Corporate Giants Hoard $100B in Bitcoin — Grabbing 4% of All BTC in Existence
Wall Street’s love affair with Bitcoin hits a new peak as publicly traded companies collectively stash over $100 billion worth of BTC. That’s enough to make Satoshi smirk—if he weren’t busy dodging tax authorities.
Who needs gold when you’ve got digital scarcity? The corporate treasury rush now locks down 4% of Bitcoin’s total supply, turning balance sheets into mini-ETF proxies. MicroStrategy’s not-so-micro bet started the trend, but now even legacy firms are FOMO-ing into crypto cold storage.
Meanwhile, traditional asset managers still can’t decide if Bitcoin’s a currency, commodity, or existential threat to their fees. The irony? These same institutions mocked crypto as ‘rat poison’—right before turning their vaults into rodent buffets.

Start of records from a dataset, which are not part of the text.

(* In the setting of the adaptive mirror triangle method for the minimax problem (see context), for every step $k\ge0$ performed by the method and every $x\in Q$, $$A_{k+1}f(x_{k+1})-A_kf(x_k)+V(x,u_{k+1})-V(x,u_k)\le\alpha_{k+1}f(x),$$ where $\alpha_{k+1},A_{k+1},u_{k+1},x_{k+1}$ are the values accepted at step $k+1$.
   Context: $\mathbb{R}^n$ carries a norm $\|\cdot\|$ with dual norm $\|\lambda\|_*=\max_{\|\nu\|\le1}\langle\lambda,\nu\rangle$; $Q\subseteq\mathbb{R}^n$ closed convex; $f_1,\dots,f_M$ convex on $Q$, differentiable, with $\|\nabla f_i(x)-\nabla f_i(y)\|_*\le L\|x-y\|$; $h$ convex on $Q$; $f(x)=\max_i f_i(x)+h(x)$. A prox-function is a continuously differentiable $d:Q\to\mathbb{R}$, $1$-strongly convex w.r.t. $\|\cdot\|$; $V(x,y)=d(x)-d(y)-\langle\nabla d(y),x-y\rangle$. Method (with $x_0\in Q$, $0<L_0\le L$): $y_0=u_0=x_0$, $L_1=L_0/2$, $\alpha_0=A_0=0$. Step $k+1$ with current $L_{k+1}$: (i) $\alpha_{k+1}$ is the largest root of $A_k+\alpha=L_{k+1}\alpha^2$, $A_{k+1}=A_k+\alpha_{k+1}$; (ii) $y_{k+1}=(\alpha_{k+1}u_k+A_kx_k)/A_{k+1}$; (iii) $u_{k+1}=\arg\min_{x\in Q}\{V(x,u_k)+\alpha_{k+1}(\max_j[f_j(y_{k+1})+\langle\nabla f_j(y_{k+1}),x-y_{k+1}\rangle]+h(x))\}$; (iv) $x_{k+1}=(\alpha_{k+1}u_{k+1}+A_kx_k)/A_{k+1}$; (v) if $f(x_{k+1})\le\max_j\{f_j(y_{k+1})+\langle\nabla f_j(y_{k+1}),x_{k+1}-y_{k+1}\rangle\}+\frac{L_{k+1}}{2}\|x_{k+1}-y_{k+1}\|^2+h(x_{k+1})$, set $L_{k+2}=L_{k+1}/2$ and go to the next step; otherwise replace $L_{k+1}$ by $2L_{k+1}$ and repeat step $k+1$ from (i). *)

theory Defs
  imports "HOL-Analysis.Analysis"
begin

definition is_norm :: "('a::euclidean_space \<Rightarrow> real) \<Rightarrow> bool" where
  "is_norm N \<longleftrightarrow> (\<forall>x. 0 \<le> N x) \<and> (\<forall>x. N x = 0 \<longleftrightarrow> x = 0)
     \<and> (\<forall>c x. N (c *\<^sub>R x) = \<bar>c\<bar> * N x) \<and> (\<forall>x y. N (x + y) \<le> N x + N y)"

definition dual_norm :: "('a::euclidean_space \<Rightarrow> real) \<Rightarrow> 'a \<Rightarrow> real" where
  "dual_norm N l = (SUP v\<in>{v. N v \<le> 1}. l \<bullet> v)"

Strategy leads with over 600,000 BTC
Michael Saylor’s Strategy (NASDAQ: MSTR) remains the undisputed, holding 601,550 BTC worth more than $71.5 billion—accounting for 2.86% of the total Bitcoin supply. Marathon Digital, XXII, Riot Platforms, and Metaplanet round out the top five, each holding between 16,000 and 50,000 BTC.
Metaplanet, often dubbed “Asia’s MicroStrategy,” has rapidly increased its BTC position, while other firms like Tesla, Coinbase, and Block continue to maintain sizable reserves as part of their long-term balance sheet strategies.
READ MORE:1 million BTC by year-end?
With current momentum accelerating, Bitcoin Magazine Pro poses the question: Could publicly listed firms collectively surpass 1 million BTC in holdings by the end of 2025? As more corporations seek hedges against fiat depreciation and regulatory clarity improves, such a milestone may be closer than expected.
The shift highlights Bitcoin’s transformation from a speculative asset to a Core strategic reserve. From tech giants to miners and FinTech innovators, public companies are increasingly treating Bitcoin as a financial backbone rather than a fringe experiment.
With over 4% of Bitcoin’s fixed 21 million supply now sitting in corporate treasuries, the trend suggests deepening institutional conviction—and growing scarcity for retail and late institutional adopters alike.